While Luke's death was a 10/10 in terms of plot(the foreshadowing,the prophecy,how it had this simple elegance about it),it only reached a 7 in terms of character (that event was a good finish for his arc,explained his motivations,but I feel like Luke dying was the thing that interrupted his redemption arc,or stopped him from having a real one. If Rick focused more on the tragedy of this, rather than using Luke's death as an atoning act on itself,I'd grade it higher. Besides,Luke still had plenty of history potential,IMO. Imagine if Luke had escaped the Underworld, getting to be one of the seven,the angst while dealing with rejection from the camp,the regret).
I have once again let an ask collect dust for a month (and a half. . .), I am so sorry about that.
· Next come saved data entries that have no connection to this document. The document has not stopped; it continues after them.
(* The variety $\mathsf{V}(S_{(4,431)})$ is the ai-semiring variety defined by the identities $x^2y\approx xy$, $xy\approx yx$, $x^2\approx x^2+x$, $x+yz\approx x+yz+xyz$.
   Context: An ai-semiring is an algebra $(S,+,\cdot)$ with $(S,+)$ a semilattice, $(S,\cdot)$ a semigroup, and both distributive laws. $\mathsf{V}(S)$ is the variety generated by $S$; "the ai-semiring variety defined by identities $\Sigma$" is the class of all ai-semirings satisfying $\Sigma$. $S_{(4,431)}$ has carrier $\{1,2,3,4\}$; addition: $x+x=x$, $2+x=x$, $1+x=1$ for all $x$, $3+4=1$; multiplication (row $a$, column $b$ gives $a\cdot b$): row $1$: $1,2,1,1$; row $2$: $2,2,2,2$; row $3$: $1,2,1,1$; row $4$: $1,2,1,4$. *)

theory Defs
  imports Main
begin

datatype trm = V nat | Pl trm trm (infixl "\<oplus>" 65) | Tm trm trm (infixl "\<odot>" 70)

fun eval :: "('a \<Rightarrow> 'a \<Rightarrow> 'a) \<Rightarrow> ('a \<Rightarrow> 'a \<Rightarrow> 'a) \<Rightarrow> (nat \<Rightarrow> 'a) \<Rightarrow> trm \<Rightarrow> 'a" where
  "eval ad mu \<nu> (V n) = \<nu> n"
| "eval ad mu \<nu> (Pl s t) = ad (eval ad mu \<nu> s) (eval ad mu \<nu> t)"
| "eval ad mu \<nu> (Tm s t) = mu (eval ad mu \<nu> s) (eval ad mu \<nu> t)"

definition satisfies :: "('a \<Rightarrow> 'a \<Rightarrow> 'a) \<Rightarrow> ('a \<Rightarrow> 'a \<Rightarrow> 'a) \<Rightarrow> trm \<Rightarrow> trm \<Rightarrow> bool" where
  "satisfies ad mu s t \<longleftrightarrow> (\<forall>\<nu>. eval ad mu \<nu> s = eval ad mu \<nu> t)"

definition ai_semiring :: "('a \<Rightarrow> 'a \<Rightarrow> 'a) \<Rightarrow> ('a \<Rightarrow> 'a \<Rightarrow> 'a) \<Rightarrow> bool" where
  "ai_semiring ad mu \<longleftrightarrow>
     (\<forall>x y z. ad (ad x y) z = ad x (ad y z)) \<and>
     (\<forall>x y. ad x y = ad y x) \<and>
     (\<forall>x. ad x x = x) \<and>
     (\<forall>x y z. mu (mu x y) z = mu x (mu y z)) \<and>
     (\<forall>x y z. mu x (ad y z) = ad (mu x y) (mu x z)) \<and>
     (\<forall>x y z. mu (ad x y) z = ad (mu x z) (mu y z))"

text \<open>The four-element ai-semiring S_(4,431), elements e1..e4 standing for 1..4.\<close>
datatype s4 = e1 | e2 | e3 | e4

fun s4_add :: "s4 \<Rightarrow> s4 \<Rightarrow> s4" where
  "s4_add e1 _ = e1"
| "s4_add _ e1 = e1"
| "s4_add e2 y = y"
| "s4_add x e2 = x"
| "s4_add e3 e3 = e3"
| "s4_add e4 e4 = e4"
| "s4_add e3 e4 = e1"
| "s4_add e4 e3 = e1"

fun s4_mul :: "s4 \<Rightarrow> s4 \<Rightarrow> s4" where
  "s4_mul e2 _ = e2"
| "s4_mul _ e2 = e2"
| "s4_mul e4 e4 = e4"
| "s4_mul _ _ = e1"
Anyways. I mostly agree with you, in that I think Luke's death is a pretty perfect ending to TLO, with a giant fucking asterisk.
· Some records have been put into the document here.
lemma AE_inverse_subordinator_nonneg:
  assumes "levy_measure \<nu>" "subordinator M \<nu> U"
  shows "AE \<omega> in M. 0 \<le> inverse_subordinator U x \<omega>"
proof -
  define q where "q = exp (- laplace_exponent \<nu> 1)"
  have "0 < q" "q < 1"
    using laplace_exponent_pos[OF assms(1), of 1] by (auto simp: q_def)
  have [measurable]: "U t \<in> borel_measurable M" if "0 \<le> t" for t
    using assms(2) that by (simp add: subordinator_def)
  define N where "N = {\<omega> \<in> space M. \<forall>n. U (Suc n) \<omega> \<le> x}"
  have "N \<in> sets M"
    unfolding N_def by measurable
  have "emeasure M N \<le> exp x * q ^ Suc n" for n
  proof -
    have "emeasure M N \<le> emeasure M {\<omega> \<in> space M. U (Suc n) \<omega> \<le> x}"
      by (rule emeasure_mono) (auto simp: N_def)
    also have "\<dots> \<le> exp (1 * x - real (Suc n) * laplace_exponent \<nu> 1)"
      using assms(2) by (rule subordinator_le_tail) auto
    also have "\<dots> = exp x * q ^ Suc n"
      unfolding q_def by (simp add: exp_diff exp_minus exp_add exp_of_nat_mult[symmetric] field_simps)
    finally show ?thesis .
  qed
  moreover have "(\<lambda>n. ennreal (exp x * q ^ Suc n)) \<longlonglongrightarrow> ennreal (exp x * 0)"
    using \<open>0 < q\<close> \<open>q < 1\<close>
    by (intro tendsto_ennrealI tendsto_mult tendsto_const LIMSEQ_Suc LIMSEQ_power_zero) auto
  ultimately have "emeasure M N \<le> 0"
    by (intro LIMSEQ_le_const[where X="\<lambda>n. ennreal (exp x * q ^ Suc n)"]) auto
  with \<open>N \<in> sets M\<close> have "N \<in> null_sets M"
    by (simp add: null_sets_def)
  then show ?thesis
  proof (rule AE_I')
    have "U (Suc n) \<omega> \<le> x" if "inverse_subordinator U x \<omega> < 0" for n \<omega>
      using inverse_subordinator_nonneg[of "Suc n" x U \<omega>] that by linarith
    then show "{\<omega> \<in> space M. \<not> 0 \<le> inverse_subordinator U x \<omega>} \<subseteq> N"
      by (auto simp: N_def)
  qed
qed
That giant fucking asterisk's name is Heroes of Olympus.
The original series has a very open ending, and that's very much on purpose—for the first time, Percy has his whole life ahead of him, there is hope that demigods are going to live longer lives, that the gods can change. As such, Luke's death is super fucking important. Here's a guy who's had his faith in a better world, in creating good change that isn't enforced by the most nightmarish of violence, destroyed.
And he dies for that faith in a better world, on the word of one of the two people left that could possibly convince him to do so. It's a pretty good death.
*Winces* . . .and then the sequels happened.
Luke's absence from the narrative—something that I've talked about before, how it should have haunted the plot, and Percy and Annabeth and Piper in particular, I think—is, ultimately, an absence of a larger problem.
The consequences from that war should be deafening. Like, you should not be able to swing a dead cat without hitting a consequence in TLH (And SoN. Especially SoN).
Mostly, I think it would've been fascinating, with Gaea pulling out "mythology's worst villains" from Tartarus, with Medea and Minas and so many others, to have her also pull out the most high-profile demigod villain in the last millennium.
Like, you wanna sow chaos in the ranks? You wanna make Percy Jackson, who's approaching the very same age Luke was when he first heard from Kronos, doubt his every move?
Yeah, bring Luke Castellan back from the dead and bring out the popcorn.
(I don't think Luke would stay on her side for very long, considering he likes the world's existence, thanks very much. But he'd be a helluva wild card)
The worst thing though, as awesome as that could be, is that the lack of him or the second war permeating everyone's characterization is. . .it really runs counter to TLO?
The point was that these demigods had been dismissed as not mattering. That they were inconsequential. These weren't the rare children of Zeus, Poseidon, Hades, being thrown aside and refused rightful recognition.
These children of minor gods, of Olympians whose kids often didn't have much power of their own, being tossed aside and left for dead, when all they wanted was a sign that their parents loved them, thought they mattered.
And when they couldn't do that, Luke—son of Hermes! No powers in particular, one of a dozen kids of an even larger cabin, counselor of the place housing the unclaimed when no one else would—mounted a rebellion to prove them wrong and make their regret of ignoring their kids the last thing they did.
Percy's intervention gave a happy ending to that tale, considering the fact that Kronos was in the driver's seat, and left the ending of TLO with the feeling, that, yeah, Luke was right about the need for change, but he wasn't right in how, but he was able to give Percy the leverage needed to do things right.
It's the son of Hermes, the son of Nemesis, the daughter of Athena, a mortal, who all decide the day. Percy has to let go of being the hero, Nico is trapped down below in Manhattan, and Thalia is literally immobilized by a statue.
Luke and the unclaimed were important. And then HoO just. . .does away with all of that.
Kids are going unclaimed, divisions are alive and well, the gods once again don't give a fuck when the world is ending and their kids are being tossed around and manipulated for their parents' ends. Silena and Luke are barely spoken of (Ethan getting a mention? Don't make me laugh).
Which. . .says a whole awful lot. About everyone.